Redwood

17 - Redwood 1

Between 1980 and 1992, almost three-quarters of the remaining summer cottages built during Bar Harbor’s summer-resort era were either destroyed or moved [1], and the cottage Redwood is one of the few that has survived into the twenty-first century [2]. Entered onto the National Register of Historic Places on April 3, 1978, Redwood’s significance is its shingle style architecture and its link to Bar Harbor’s social history [3].

Shingle style is a “uniquely American” style of architecture which is characterized by a shingle covered exterior; and while it never became mass-produced, it was very popular in New England seaside resorts from the 1880s through the 1900s [4]. William Ralph Emerson was Redwood’s architect and is most often attributed with the innovation and early use of shingle style [5]. Redwood has become the standard example of shingle style architecture on Mount Desert Island [6] and thought to be the oldest shingle style structure in the country [7].

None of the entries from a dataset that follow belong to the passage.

lemma summable_norm_zeta_E_pair:
  assumes "q > 0" "Re z > 0"
  shows "summable (\<lambda>n. norm (zeta_E_pair z q n))"
proof (rule summable_comparison_test_ev)
  show "summable (\<lambda>n. norm z * real n powr (- Re z - 1))"
    using assms by (intro summable_mult) (simp add: summable_real_powr_iff)
  show "\<forall>\<^sub>F n in sequentially. norm (norm (zeta_E_pair z q n)) \<le> norm z * real n powr (- Re z - 1)"
    using assms by (intro eventually_sequentiallyI[of 1]) (simp add: norm_zeta_E_pair_le)
qed

lemma zeta_E_sums:
  assumes q: "q > 0" and z: "Re z > 0"
  shows "(\<lambda>n. (-1) ^ n * complex_of_real (real n + q) powr - z) sums zeta_E z q"
proof -
  define f where "f n = (-1) ^ n * complex_of_real (real n + q) powr - z" for n
  have "f (2 * n) + f (2 * n + 1) = zeta_E_pair z q n" for n
    by (simp add: f_def zeta_E_pair_def add_ac)
  then have pairs: "(\<lambda>n. f (2 * n) + f (2 * n + 1)) sums (\<Sum>n. zeta_E_pair z q n)"
    using summable_norm_cancel[OF summable_norm_zeta_E_pair[OF q z]] by (simp add: summable_sums)
  have "(\<lambda>n. norm (f n)) \<longlonglongrightarrow> 0"
  proof -
    have "norm (f n) = (real n + q) powr - Re z" for n
      using q by (simp add: f_def norm_mult norm_power norm_powr_real_powr add_nonneg_pos)
    moreover have "filterlim (\<lambda>n. real n + q) at_top sequentially"
      using filterlim_tendsto_add_at_top[OF tendsto_const filterlim_real_sequentially]
      by (simp add: add.commute)
    ultimately show ?thesis
      using z by (simp add: tendsto_neg_powr)
  qed
  then have "f sums (\<Sum>n. zeta_E_pair z q n)"
    using sums_if_paired_sums[OF pairs] by (simp add: tendsto_norm_zero_iff)
  then show ?thesis
    unfolding zeta_E_def f_def by (simp add: sums_iff)
qed

lemma zeta_E_pair_sums:
  assumes "q > 0" "Re z > 0"
  shows "zeta_E_pair z q sums zeta_E z q"
proof -
  have "sum (\<lambda>n. (-1) ^ n * complex_of_real (real n + q) powr - z) {n * 2..<n * 2 + 2}
          = zeta_E_pair z q n" for n
  proof -
    have "{n * 2..<n * 2 + 2} = {2 * n, 2 * n + 1}" by auto
    then show ?thesis by (simp add: zeta_E_pair_def power_mult add_ac)
  qed
  then show ?thesis
    using sums_group[OF zeta_E_sums[OF assms], of 2] by simp
qed

lemma uniform_limit_zeta_E_pair:
  assumes q: "q > 0" and x: "Re x > 0"
  shows "uniform_limit (cball x (Re x / 2)) (\<lambda>n z. \<Sum>i<n. zeta_E_pair z q i)
           (\<lambda>z. \<Sum>n. zeta_E_pair z q n) sequentially"
proof (rule Weierstrass_m_test_ev)
  define s where "s = Re x / 2"
  show "summable (\<lambda>n. (norm x + s) * real n powr (- s - 1))"
    using x by (intro summable_mult) (simp add: s_def summable_real_powr_iff)
  show "\<forall>\<^sub>F n in sequentially. \<forall>z\<in>cball x (Re x / 2).
          norm (zeta_E_pair z q n) \<le> (norm x + s) * real n powr (- s - 1)"
  proof (intro eventually_sequentiallyI[of 1] ballI)
    fix n :: nat and z assume n: "n \<ge> 1" and "z \<in> cball x (Re x / 2)"
    then have "norm (x - z) \<le> s" by (simp add: s_def dist_norm)
    moreover have "Re x - Re z \<le> norm (x - z)" and "norm z \<le> norm x + norm (x - z)"
      using abs_Re_le_cmod[of "x - z"] norm_triangle_sub[of z x] by (auto simp: norm_minus_commute)
    ultimately have z: "s \<le> Re z" "norm z \<le> norm x + s"
      by (auto simp: s_def)
    have "norm (zeta_E_pair z q n) \<le> norm z * real n powr (- s - 1)"
      using q n z x by (intro norm_zeta_E_pair_le) (auto simp: s_def)
    also have "\<dots> \<le> (norm x + s) * real n powr (- s - 1)"
      using z by (intro mult_right_mono) auto
    finally show "norm (zeta_E_pair z q n) \<le> (norm x + s) * real n powr (- s - 1)" .
  qed
qed

lemma holomorphic_zeta_E:
  assumes q: "q > 0"
  shows "(\<lambda>z. zeta_E z q) holomorphic_on {z. Re z > 0}"
proof -
  have "(\<lambda>z. \<Sum>n. zeta_E_pair z q n) holomorphic_on {z. Re z > 0}"
  proof (rule holomorphic_uniform_sequence)
    show "open {z. Re z > 0}"
      by (rule open_halfspace_Re_gt)
    show "(\<lambda>z. \<Sum>i<n. zeta_E_pair z q i) holomorphic_on {z. Re z > 0}" for n
      unfolding zeta_E_pair_def by (intro holomorphic_intros)
    fix x assume x: "x \<in> {z. Re z > 0}"
    have "cball x (Re x / 2) \<subseteq> {z. Re z > 0}"
    proof
      fix z assume "z \<in> cball x (Re x / 2)"
      then have "Re x - Re z \<le> Re x / 2"
        using abs_Re_le_cmod[of "x - z"] by (simp add: dist_norm)
      with x show "z \<in> {z. Re z > 0}" by simp
    qed
    then show "\<exists>d>0. cball x d \<subseteq> {z. Re z > 0} \<and>
        uniform_limit (cball x d) (\<lambda>n z. \<Sum>i<n. zeta_E_pair z q i) (\<lambda>z. \<Sum>n. zeta_E_pair z q n) sequentially"
      using x uniform_limit_zeta_E_pair[OF q, of x] by (intro exI[of _ "Re x / 2"]) auto
  qed
  then show ?thesis
    by (rule holomorphic_transform) (use q zeta_E_pair_sums in \<open>auto simp: sums_iff\<close>)
qed

lemma zeta_E_plus_one:
  assumes q: "q > 0" and z: "Re z > 0"
  shows "zeta_E z (q + 1) = complex_of_real q powr - z - zeta_E z q"
proof -
  define f where "f n = (-1) ^ n * complex_of_real (real n + q) powr - z" for n
  have "(\<lambda>n. f (Suc n)) = (\<lambda>n. - ((-1) ^ n * complex_of_real (real n + (q + 1)) powr - z))"
    by (simp add: f_def fun_eq_iff add_ac)
  then have "(\<lambda>n. f (Suc n)) sums (- zeta_E z (q + 1))"
    using sums_minus[OF zeta_E_sums[of "q + 1" z]] q z by simp
  then have "f sums (- zeta_E z (q + 1) + f 0)"
    by (simp add: sums_Suc_iff)
  moreover have "f sums zeta_E z q"
    unfolding f_def using q z by (rule zeta_E_sums)
  ultimately have "zeta_E z q = - zeta_E z (q + 1) + f 0"
    by (simp add: sums_iff)
  then show ?thesis
    by (simp add: f_def)
qed

lemma mod_digamma_plus_one:
  assumes "q > 0"
  shows "mod_digamma (q + 1) = - mod_digamma q - 1 / q"
proof -
  have "complex_of_real q powr - 1 = complex_of_real (1 / q)"
    using powr_of_real[of q "- 1"] assms by (simp add: powr_minus_divide)
  then show ?thesis
    using zeta_E_plus_one[OF assms, of 1] by (simp add: mod_digamma_def mod_stieltjes_def)
qed

lemma zeta_E_multiplication:
  assumes k: "odd k" and q: "q > 0" and z: "Re z > 0"
  shows "(\<Sum>r<k. (-1) ^ r * zeta_E z ((q + real r) / real k)) = of_nat k powr z * zeta_E z q"
proof -
  have k0: "real k > 0" using k by (simp add: odd_pos)
  have pos: "(q + real r) / real k > 0" for r
    using q k0 by simp
  define c where "c = (of_nat k :: complex) powr - z"
  define g where "g n = (-1) ^ n * complex_of_real (real n + q) powr - z" for n
  define h where "h n r = (-1) ^ r * ((-1) ^ n * complex_of_real (real n + (q + real r) / real k) powr - z)"
    for n r
  have "(\<lambda>n. \<Sum>r<k. h n r) sums (\<Sum>r<k. (-1) ^ r * zeta_E z ((q + real r) / real k))"
    unfolding h_def using pos z by (intro sums_sum sums_mult zeta_E_sums)
  then have "(\<lambda>n. c * (\<Sum>r<k. h n r)) sums (c * (\<Sum>r<k. (-1) ^ r * zeta_E z ((q + real r) / real k)))"
    by (rule sums_mult)
  moreover have "sum g {n * k..<n * k + k} = c * (\<Sum>r<k. h n r)" for n
  proof -
    have "sum g {n * k..<n * k + k} = (\<Sum>r<k. g (n * k + r))"
      using sum.shift_bounds_nat_ivl[of g 0 "n * k" k] by (simp add: add.commute lessThan_atLeast0)
    also have "\<dots> = (\<Sum>r<k. c * h n r)"
    proof (rule sum.cong[OF refl])
      fix r
      have "real (n * k + r) + q = real k * (real n + (q + real r) / real k)"
        using k0 by (simp add: field_simps)
      moreover have "(-1 :: complex) ^ (n * k + r) = (-1) ^ n * (-1) ^ r"
        using k by (simp add: power_add minus_one_power_iff)
      moreover have "complex_of_real (real k * (real n + (q + real r) / real k)) powr - z
                       = c * complex_of_real (real n + (q + real r) / real k) powr - z"
        unfolding c_def using pos[of r] by (simp add: powr_times_real add_nonneg_nonneg)
      ultimately show "g (n * k + r) = c * h n r"
        by (simp add: g_def h_def)
    qed
    finally show ?thesis by (simp add: sum_distrib_left)
  qed
  moreover have "g sums zeta_E z q"
    unfolding g_def using q z by (rule zeta_E_sums)
  then have "(\<lambda>n. sum g {n * k..<n * k + k}) sums zeta_E z q"
    using k0 by (intro sums_group) simp_all
  ultimately have "zeta_E z q = c * (\<Sum>r<k. (-1) ^ r * zeta_E z ((q + real r) / real k))"
    by (simp add: sums_iff)
  moreover have "of_nat k powr z * c = 1"
    using k0 by (simp add: c_def powr_def flip: exp_add)
  ultimately show ?thesis
    by (metis mult.assoc mult_1)
qed

lemma higher_deriv_sum:
  fixes f :: "'i \<Rightarrow> complex \<Rightarrow> complex"
  assumes "finite I" "\<And>i. i \<in> I \<Longrightarrow> f i holomorphic_on S" "open S" "z \<in> S"
  shows "(deriv ^^ n) (\<lambda>w. \<Sum>i\<in>I. f i w) z = (\<Sum>i\<in>I. (deriv ^^ n) (f i) z)"
  using assms(1,2)
proof (induction I rule: finite_induct)
  case (insert i I)
  have "(deriv ^^ n) (\<lambda>w. f i w + (\<Sum>i\<in>I. f i w)) z
          = (deriv ^^ n) (f i) z + (deriv ^^ n) (\<lambda>w. \<Sum>i\<in>I. f i w) z"
    using insert assms(3,4) by (intro higher_deriv_add) (auto intro!: holomorphic_on_sum)
  with insert show ?case by simp
qed simp

lemma higher_deriv_powr_right:
  assumes "w \<noteq> 0"
  shows "(deriv ^^ n) (\<lambda>z. w powr z) = (\<lambda>z. Ln w ^ n * w powr z)"
proof (induction n)
  case (Suc n)
  have "(deriv ^^ Suc n) (\<lambda>z. w powr z) = deriv (\<lambda>z. Ln w ^ n * w powr z)"
    by (simp add: Suc.IH)
  also have "\<dots> = (\<lambda>z. Ln w ^ Suc n * w powr z)"
    using assms by (intro ext DERIV_imp_deriv) (auto intro!: derivative_eq_intros)
  finally show ?case .
qed simp

lemma higher_deriv_zeta_E_multiplication:
  assumes k: "odd k" and q: "q > 0" and w: "Re w > 0"
  shows "(\<Sum>r<k. (-1) ^ r * (deriv ^^ l) (\<lambda>z. zeta_E z ((q + real r) / real k)) w)
           = (\<Sum>i=0..l. of_nat (l choose i) * (Ln (of_nat k) ^ i * of_nat k powr w)
                         * (deriv ^^ (l - i)) (\<lambda>z. zeta_E z q) w)"
proof -
  define S where "S = {z :: complex. Re z > 0}"
  have S: "open S" "w \<in> S"
    using w by (auto simp: S_def open_halfspace_Re_gt)
  have k0: "k > 0" using k by (simp add: odd_pos)
  have hol: "(\<lambda>z. zeta_E z x) holomorphic_on S" if "x > 0" for x
    unfolding S_def using that by (rule holomorphic_zeta_E)
  have hol_r: "(\<lambda>z. zeta_E z ((q + real r) / real k)) holomorphic_on S" for r
    using q k0 by (intro hol) simp
  have "(\<Sum>r<k. (-1) ^ r * (deriv ^^ l) (\<lambda>z. zeta_E z ((q + real r) / real k)) w)
          = (\<Sum>r<k. (deriv ^^ l) (\<lambda>z. (-1) ^ r * zeta_E z ((q + real r) / real k)) w)"
    using S hol_r by (intro sum.cong refl higher_deriv_cmult[symmetric])
  also have "\<dots> = (deriv ^^ l) (\<lambda>z. \<Sum>r<k. (-1) ^ r * zeta_E z ((q + real r) / real k)) w"
    using S hol_r by (intro higher_deriv_sum[symmetric]) (auto intro!: holomorphic_intros)
  also have "\<dots> = (deriv ^^ l) (\<lambda>z. of_nat k powr z * zeta_E z q) w"
    using S hol_r hol[OF q] k q
    by (intro higher_deriv_transform_within_open[where S = S])
       (auto intro!: holomorphic_intros simp: S_def zeta_E_multiplication)
  also have "\<dots> = (\<Sum>i=0..l. of_nat (l choose i) * (Ln (of_nat k) ^ i * of_nat k powr w)
                                * (deriv ^^ (l - i)) (\<lambda>z. zeta_E z q) w)"
    using S hol[OF q] k0
    by (simp add: higher_deriv_mult[where S = S] holomorphic_on_powr_right higher_deriv_powr_right)
  finally show ?thesis .
qed

lemma mod_stieltjes_multiplication:
  assumes k: "odd k" and q: "q > 0"
  shows "(\<Sum>r<k. (-1) ^ r * mod_stieltjes l ((q + real r) / real k))
           = real k * (\<Sum>j=0..l. (-1) ^ j * real (l choose j) * mod_stieltjes (l - j) q * ln (real k) ^ j)"
proof -
  define D where "D m x = (deriv ^^ m) (\<lambda>z. zeta_E z x) 1" for m x
  have Re_sign: "Re ((-1) ^ m * u) = (-1) ^ m * Re u" for m and u :: complex
    by (cases "even m") simp_all
  have k0: "k > 0" using k by (simp add: odd_pos)
  have "(\<Sum>r<k. (-1) ^ r * mod_stieltjes l ((q + real r) / real k))
          = Re ((-1) ^ l * (\<Sum>r<k. (-1) ^ r * D l ((q + real r) / real k)))"
    by (simp add: mod_stieltjes_def D_def Re_sign sum_distrib_left mult.left_commute)
  also have "\<dots> = Re ((-1) ^ l * (\<Sum>i=0..l. of_nat (l choose i) * (Ln (of_nat k) ^ i * of_nat k)
                                              * D (l - i) q))"
    using higher_deriv_zeta_E_multiplication[OF k q, of 1 l] by (simp add: D_def)
  also have "\<dots> = Re (\<Sum>j=0..l. complex_of_real (real k * ((-1) ^ j * real (l choose j) * ln (real k) ^ j))
                                   * ((-1) ^ (l - j) * D (l - j) q))"
    unfolding sum_distrib_left
  proof (intro arg_cong[where f = Re] sum.cong refl)
    fix j assume "j \<in> {0..l}"
    then have "(-1 :: complex) ^ l = (-1) ^ j * (-1) ^ (l - j)"
      by (simp flip: power_add)
    then show "(-1) ^ l * (of_nat (l choose j) * (Ln (of_nat k) ^ j * of_nat k) * D (l - j) q)
                 = complex_of_real (real k * ((-1) ^ j * real (l choose j) * ln (real k) ^ j))
                   * ((-1) ^ (l - j) * D (l - j) q)"
      using k0 by simp
  qed
  also have "\<dots> = (\<Sum>j=0..l. real k * ((-1) ^ j * real (l choose j) * ln (real k) ^ j)
                              * Re ((-1) ^ (l - j) * D (l - j) q))"
  proof -
    have "Re (complex_of_real x * u) = x * Re u" for x u
      by simp
    then show ?thesis
      by (simp only: Re_sum)
  qed
  finally show ?thesis
    by (simp add: mod_stieltjes_def D_def sum_distrib_left mult_ac)
qed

As for its link to the area’s social history, Redwood’s construction marks a time in which the summer visitor population in Bar Harbor began a transition from boarding in the homes of locals to building grand hotels and family cottages [8]. Built in 1879, Redwood is considered a prime example of the famous summer cottage; and, today it is one of the few remaining cottages to continue to be privately owned, rather than converted for business or public use [9].

By Marisa Higgins

 

[1] National Register of Historic Places. Harbor Lane – Eden Street Historic District, Bar Harbor, Maine. National Register #09000550.

[2] Register #09000550; National Register of Historic Places. Redwood, Bar Harbor, Maine. National Register #78000166.

[3] Register #78000166.

[4] “Architectural Style Guide.” Historic New England.  accessed September 29, 2015. http://www.historicnewengland.org/preservation/your-older-or-historic-home/architectural-style-guide.

[5] Register #78000166; Roths, Jaylene B. “Fred Savage, The Cottage Builder.” The History Journal of the Mount Desert Island Historical Society II (1999): 38-53. http://mdihistory.org/wp-content/uploads/1999-Fred-Savage_ocr.pdf; Trotter, Bill. “Fortunes may come and go but MDI mansions persevere.” Bangor Daily News. September 2, 2013. http://bangordailynews.com/slideshow/fortunes-may-come-and-go-but-mdi-mansions-persevere/.

[6] Roths 1999.

[7] Trotter 2013.

[8] Register #78000166.

[9] Register #78000166; Trotter 2013.